* _Exercise goal_: In the entries below, find each line with the string "admissible" and copy it.

* _Dataset excerpts_:
definition ppi :: "(real^3 \<Rightarrow> real) \<Rightarrow> (real^3 \<Rightarrow> real) \<Rightarrow> (real^3 \<Rightarrow> real^3) \<Rightarrow> real \<Rightarrow> nat \<Rightarrow> pt \<Rightarrow> real^3^3" where
  "ppi rho pr H gam j z = (case z of (t, x, \<tau>, \<xi>) \<Rightarrow>
     (if j = 1 then mat 1 + (1 / ((H x \<bullet> \<xi>)\<^sup>2 - (norm (H x))\<^sup>2 * (norm \<xi>)\<^sup>2)) *\<^sub>R w2 H x \<xi>
      else let cs = rho x * cs2 rho pr H gam x \<xi>; cf = rho x * cf2 rho pr H gam x \<xi>;
               base = (gam * pr x + (norm (H x))\<^sup>2) *\<^sub>R tens \<xi> \<xi>
                      - (H x \<bullet> \<xi>) *\<^sub>R (tens \<xi> (H x) + tens (H x) \<xi>)
           in if j = 2 then (1 / (cs - cf)) *\<^sub>R (base + ((H x \<bullet> \<xi>)\<^sup>2 / (cs - (H x \<bullet> \<xi>)\<^sup>2)) *\<^sub>R w2 H x \<xi>)
              else (1 / (cf - cs)) *\<^sub>R (base + ((H x \<bullet> \<xi>)\<^sup>2 / (cf - (H x \<bullet> \<xi>)\<^sup>2)) *\<^sub>R w2 H x \<xi>)))"

definition ptil :: "(real^3 \<Rightarrow> real) \<Rightarrow> (real^3 \<Rightarrow> real) \<Rightarrow> (real^3 \<Rightarrow> real^3) \<Rightarrow> real \<Rightarrow> nat \<Rightarrow> pt \<Rightarrow> real^3^3" where
  "ptil rho pr H gam j z = ppi rho pr H gam j z
     + (\<Sum>k\<in>{1,2,3} - {j}. (qq rho pr H gam j z / qq rho pr H gam k z) *\<^sub>R ppi rho pr H gam k z)"

definition admissible :: "(real^3 \<Rightarrow> real^3) \<Rightarrow> pt \<Rightarrow> bool" where
  "admissible H z = (case z of (t, x, \<tau>, \<xi>) \<Rightarrow> \<xi> \<bullet> H x \<noteq> 0 \<and> cross3 \<xi> (H x) \<noteq> 0)"

text \<open>The transport operator T_{P,H_q} a = L_{H_q} a + 1/2 {tilde p_2, p_2} a + i tilde p_2 p^s a,
  with the symbols in a trivialisation of the half-density bundle; La is the value of L_{H_q} a.\<close>
definition transportT :: "(real^3 \<Rightarrow> real) \<Rightarrow> (real^3 \<Rightarrow> real) \<Rightarrow> (real^3 \<Rightarrow> real^3) \<Rightarrow> real
    \<Rightarrow> (pt \<Rightarrow> complex^3^3) \<Rightarrow> nat \<Rightarrow> (pt \<Rightarrow> complex^3) \<Rightarrow> (pt \<Rightarrow> complex^3) \<Rightarrow> pt \<Rightarrow> complex^3" where
  "transportT rho pr H gam p1 j La a z =
     La z + cmat ((1/2) *\<^sub>R poisson (ptil rho pr H gam j) (p2 rho pr H gam) z) *v a z
     + \<i> *s ((cmat (ptil rho pr H gam j z) ** subprincipal rho pr H gam p1 z) *v a z)"

end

* _Task answer_:
definition admissible :: "(real^3 \<Rightarrow> real^3) \<Rightarrow> pt \<Rightarrow> bool" where
  "admissible H z = (case z of (t, x, \<tau>, \<xi>) \<Rightarrow> \<xi> \<bullet> H x \<noteq> 0 \<and> cross3 \<xi> (H x) \<noteq> 0)"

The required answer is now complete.